┌────────
(* Let $W$ be an $\epsilon$-spectral cluster of $G_0$ and let $A\subseteq V_0$ be closed in $G_0$ with $\mathrm{vol}_{G_0}(W\cap A)\ge\frac23\mathrm{vol}_{G_0}(W)$. Then $A$ dominates $W$, i.e. $\mathrm{vol}_{G_0}(W\cap A)>(1-3\epsilon)\mathrm{vol}_{G_0}(W)$.
   Context: Standing setting: $G_0=(V_0,E_0)$ is a finite simple undirected graph and $0<\epsilon\le 1/2000000$. For a graph $H$, $d_H(v)$ is the degree, $\mathrm{vol}_H(S)=\sum_{v\in S}d_H(v)$, $E(S,T)$ is the set of edges with one endpoint in $S$ and the other in $T$, $\partial_H S=E(S,V(H)\setminus S)$. For $V\subseteq V_0$, $G_0|V$ is the induced subgraph. An $\epsilon$-spectral cluster of $G_0$ is $W\subseteq V_0$ with $\mathrm{vol}_{G_0}(W)>0$, $|\partial_{G_0}W|\le\epsilon\,\mathrm{vol}_{G_0}(W)$, and for every $A\subseteq W$ with $r=\mathrm{vol}_{G_0}(A)/\mathrm{vol}_{G_0}(W)$, $|E(A,W\setminus A)|\ge(r(1-r)-\epsilon)\mathrm{vol}_{G_0}(W)$. A set $A\subseteq V(H)$ is closed in $H$ if no $v\in V(H)\setminus A$ with $d_H(v)>0$ has at least $\frac59 d_H(v)$ of its $H$-neighbors in $A$. A set $A\subseteq V_0$ dominates $W$ if $\mathrm{vol}_{G_0}(W\cap A)>(1-3\epsilon)\mathrm{vol}_{G_0}(W)$. *)

theory Defs
  imports Complex_Main
begin

definition simple_graph :: "'a set \<Rightarrow> 'a set set \<Rightarrow> bool" where
  "simple_graph V E \<longleftrightarrow> finite V \<and> (\<forall>e\<in>E. e \<subseteq> V \<and> card e = 2)"

definition neighbors :: "'a set set \<Rightarrow> 'a \<Rightarrow> 'a set" where
  "neighbors E v = {u. {u, v} \<in> E}"

definition degree :: "'a set set \<Rightarrow> 'a \<Rightarrow> nat" where
  "degree E v = card {e\<in>E. v \<in> e}"

definition vol :: "'a set set \<Rightarrow> 'a set \<Rightarrow> nat" where
  "vol E S = (\<Sum>v\<in>S. degree E v)"

definition cut_edges :: "'a set set \<Rightarrow> 'a set \<Rightarrow> 'a set \<Rightarrow> 'a set set" where
  "cut_edges E S T = {e\<in>E. \<exists>u v. e = {u, v} \<and> u \<in> S \<and> v \<in> T}"

definition boundary :: "'a set \<Rightarrow> 'a set set \<Rightarrow> 'a set \<Rightarrow> 'a set set" where
  "boundary V E S = cut_edges E S (V - S)"

definition spectral_cluster :: "real \<Rightarrow> 'a set \<Rightarrow> 'a set set \<Rightarrow> 'a set \<Rightarrow> bool" where
  "spectral_cluster \<epsilon> V E W \<longleftrightarrow>
     W \<subseteq> V \<and> vol E W > 0 \<and>
     real (card (boundary V E W)) \<le> \<epsilon> * real (vol E W) \<and>
     (\<forall>A\<subseteq>W. let r = real (vol E A) / real (vol E W) in
        real (card (cut_edges E A (W - A))) \<ge> (r * (1 - r) - \<epsilon>) * real (vol E W))"

definition closed_in_graph :: "'a set \<Rightarrow> 'a set set \<Rightarrow> 'a set \<Rightarrow> bool" where
  "closed_in_graph V E A \<longleftrightarrow> A \<subseteq> V \<and>
     \<not> (\<exists>v\<in>V - A. degree E v > 0 \<and>
          real (card (neighbors E v \<inter> A)) \<ge> 5/9 * real (degree E v))"

definition dominates :: "real \<Rightarrow> 'a set set \<Rightarrow> 'a set \<Rightarrow> 'a set \<Rightarrow> bool" where
  "dominates \<epsilon> E A W \<longleftrightarrow> real (vol E (W \<inter> A)) > (1 - 3 * \<epsilon>) * real (vol E W)"

end

theory Submission
  imports Defs
begin

text \<open>
  Put \<open>r = vol(W \<inter> A) / vol W\<close>. Every edge leaving \<open>W \<inter> A\<close> inside \<open>W\<close> ends at a vertex
  \<open>v \<in> W - A\<close>, and closedness of \<open>A\<close> lets such a \<open>v\<close> have fewer than \<open>5/9 d(v)\<close>
  neighbours in \<open>A\<close>; so that cut has at most \<open>5/9 (1 - r) vol W\<close> edges. The spectral
  cluster property bounds it below by \<open>(r (1 - r) - \<epsilon>) vol W\<close>, whence
  \<open>(1 - r)(r - 5/9) \<le> \<epsilon>\<close>. For \<open>r \<ge> 2/3\<close> this first gives \<open>1 - r \<le> 9\<epsilon>\<close>, hence
  \<open>r > 8/9\<close>, and then \<open>1 - r < 3\<epsilon>\<close>.
\<close>

lemma finite_edges_if_simple_graph:
  assumes "simple_graph V E"
  shows "finite E"
proof (rule finite_subset)
  show "E \<subseteq> Pow V" using assms unfolding simple_graph_def by auto
  show "finite (Pow V)" using assms unfolding simple_graph_def by simp
qed

lemma neighbors_empty_if_degree_zero:
  assumes "finite E" "degree E v = 0"
  shows "neighbors E v = {}"
  using assms unfolding degree_def neighbors_def by auto

lemma vol_Int_Diff:
  assumes "finite W"
  shows "vol E W = vol E (W \<inter> A) + vol E (W - A)"
  unfolding vol_def using assms by (metis Int_Diff_Un Int_Diff_disjoint finite_Int finite_Diff sum.union_disjoint)

lemma card_cut_edges_le_sum_neighbors:
  assumes "finite S" "finite T"
  shows "card (cut_edges E S T) \<le> (\<Sum>v\<in>T. card (neighbors E v \<inter> S))"
proof -
  have "cut_edges E S T \<subseteq> (\<Union>v\<in>T. (\<lambda>u. {u, v}) ` (neighbors E v \<inter> S))"
    unfolding cut_edges_def neighbors_def by auto
  then have "card (cut_edges E S T) \<le> card (\<Union>v\<in>T. (\<lambda>u. {u, v}) ` (neighbors E v \<inter> S))"
    by (rule card_mono[rotated]) (use assms in auto)
  also have "\<dots> \<le> (\<Sum>v\<in>T. card ((\<lambda>u. {u, v}) ` (neighbors E v \<inter> S)))"
    by (rule card_UN_le) (use assms in auto)
  also have "\<dots> \<le> (\<Sum>v\<in>T. card (neighbors E v \<inter> S))"
    by (intro sum_mono card_image_le) (use assms in auto)
  finally show ?thesis .
qed

lemma closed_in_graph_neighbors_le:
  assumes "simple_graph V E" "closed_in_graph V E A" "v \<in> V - A" "B \<subseteq> A"
  shows "real (card (neighbors E v \<inter> B)) \<le> 5/9 * real (degree E v)"
proof (cases "degree E v = 0")
  case True
  then show ?thesis
    using neighbors_empty_if_degree_zero[OF finite_edges_if_simple_graph[OF assms(1)] True] by simp
next
  case False
  have "finite A" using assms(1,2) finite_subset
    unfolding simple_graph_def closed_in_graph_def by blast
  then have "card (neighbors E v \<inter> B) \<le> card (neighbors E v \<inter> A)"
    using assms(4) by (intro card_mono) auto
  moreover have "\<not> 5/9 * real (degree E v) \<le> real (card (neighbors E v \<inter> A))"
    using assms(2,3) False unfolding closed_in_graph_def by blast
  ultimately show ?thesis by linarith
qed

lemma card_cut_edges_closed_le:
  assumes "simple_graph V E" "closed_in_graph V E A" "W \<subseteq> V"
  shows "real (card (cut_edges E (W \<inter> A) (W - A))) \<le> 5/9 * real (vol E (W - A))"
proof -
  have "finite W" using assms(1,3) finite_subset unfolding simple_graph_def by blast
  then have "real (card (cut_edges E (W \<inter> A) (W - A)))
      \<le> (\<Sum>v\<in>W - A. real (card (neighbors E v \<inter> (W \<inter> A))))"
    using card_cut_edges_le_sum_neighbors[of "W \<inter> A" "W - A" E] by (simp flip: of_nat_sum)
  also have "\<dots> \<le> (\<Sum>v\<in>W - A. 5/9 * real (degree E v))"
    using assms(3) by (intro sum_mono closed_in_graph_neighbors_le[OF assms(1,2)]) auto
  also have "\<dots> = 5/9 * real (vol E (W - A))"
    unfolding vol_def by (simp add: sum_distrib_left)
  finally show ?thesis .
qed

lemma fraction_gt_if_product_le:
  fixes r e :: real
  assumes "2/3 \<le> r" "r \<le> 1" "0 < e" "e < 1/81"
    and "(1 - r) * (r - 5/9) \<le> e"
  shows "r > 1 - 3 * e"
proof (cases "r = 1")
  case False
  then have "1 - r > 0" using assms(2) by simp
  have "(1 - r) * (1/9) \<le> (1 - r) * (r - 5/9)"
    using \<open>1 - r > 0\<close> assms(1) by (intro mult_left_mono) auto
  then have "1 - r \<le> 9 * e" using assms(5) by simp
  then have "r > 8/9" using assms(4) by simp
  then have "(1 - r) * (1/3) < (1 - r) * (r - 5/9)"
    using \<open>1 - r > 0\<close> by (intro mult_strict_left_mono) auto
  then show ?thesis using assms(5) by simp
qed (use assms in simp)

lemma fraction_gt_if_cut_bounds:
  fixes x y c e :: real
  assumes "0 \<le> y" "0 < x + y" "2/3 * (x + y) \<le> x" "0 < e" "e < 1/81"
    and "(x / (x + y) * (1 - x / (x + y)) - e) * (x + y) \<le> c" "c \<le> 5/9 * y"
  shows "x > (1 - 3 * e) * (x + y)"
proof -
  define r where "r = x / (x + y)"
  have one_minus_r: "1 - r = y / (x + y)"
    using assms(2) unfolding r_def by (simp add: field_simps)
  have "(r * (1 - r) - e) * (x + y) \<le> 5/9 * y"
    using assms(6,7) unfolding r_def[symmetric] by linarith
  also have "\<dots> = 5/9 * (1 - r) * (x + y)"
    using one_minus_r assms(2) by (simp add: field_simps)
  finally have "(r * (1 - r) - e) * (x + y) \<le> 5/9 * (1 - r) * (x + y)" .
  then have "r * (1 - r) - e \<le> 5/9 * (1 - r)"
    using assms(2) by (simp add: mult_le_cancel_right)
  then have "(1 - r) * (r - 5/9) \<le> e"
    by (simp add: field_simps)
  moreover have "2/3 \<le> r" "r \<le> 1"
    using assms(1-3) unfolding r_def by (simp_all add: field_simps)
  ultimately have "r > 1 - 3 * e"
    using fraction_gt_if_product_le assms(4,5) by blast
  then show ?thesis using assms(2) unfolding r_def by (simp add: field_simps)
qed

theorem mainTheorem4:
  fixes V0 :: "'a set" and E0 :: "'a set set" and \<epsilon> :: real and W A :: "'a set"
  assumes "simple_graph V0 E0"
    and "0 < \<epsilon>" and "\<epsilon> \<le> 1 / 2000000"
    and "spectral_cluster \<epsilon> V0 E0 W"
    and "closed_in_graph V0 E0 A"
    and "real (vol E0 (W \<inter> A)) \<ge> 2/3 * real (vol E0 W)"
  shows "dominates \<epsilon> E0 A W"
proof -
  have "W \<subseteq> V0" and vol_pos: "vol E0 W > 0"
    using assms(4) unfolding spectral_cluster_def by auto
  then have vol_W: "vol E0 W = vol E0 (W \<inter> A) + vol E0 (W - A)"
    using assms(1) finite_subset vol_Int_Diff unfolding simple_graph_def by blast
  define x where "x = real (vol E0 (W \<inter> A))"
  define y where "y = real (vol E0 (W - A))"
  have vol_W_real: "real (vol E0 W) = x + y"
    unfolding x_def y_def vol_W by simp
  have "(real (vol E0 (W \<inter> A)) / real (vol E0 W)
        * (1 - real (vol E0 (W \<inter> A)) / real (vol E0 W)) - \<epsilon>) * real (vol E0 W)
      \<le> real (card (cut_edges E0 (W \<inter> A) (W - W \<inter> A)))"
    using assms(4) unfolding spectral_cluster_def Let_def by (meson Int_lower1)
  moreover have "W - W \<inter> A = W - A" by blast
  ultimately have spectral: "(x / (x + y) * (1 - x / (x + y)) - \<epsilon>) * (x + y)
      \<le> real (card (cut_edges E0 (W \<inter> A) (W - A)))"
    unfolding vol_W_real x_def by simp
  have "x > (1 - 3 * \<epsilon>) * (x + y)"
  proof (rule fraction_gt_if_cut_bounds[OF _ _ _ assms(2) _ spectral])
    show "real (card (cut_edges E0 (W \<inter> A) (W - A))) \<le> 5/9 * y"
      unfolding y_def by (rule card_cut_edges_closed_le[OF assms(1,5) \<open>W \<subseteq> V0\<close>])
  qed (use vol_pos assms(3,6) vol_W_real x_def y_def in auto)
  then have "real (vol E0 (W \<inter> A)) > (1 - 3 * \<epsilon>) * real (vol E0 W)"
    unfolding vol_W_real x_def .
  then show ?thesis unfolding dominates_def .
qed

end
└────────
*To do*.
Search the records above for "exists" and copy every line that has it.

*Answer section*.
  "cut_edges E S T = {e\<in>E. \<exists>u v. e = {u, v} \<and> u \<in> S \<and> v \<in> T}"
     \<not> (\<exists>v\<in>V - A. degree E v > 0 \<and>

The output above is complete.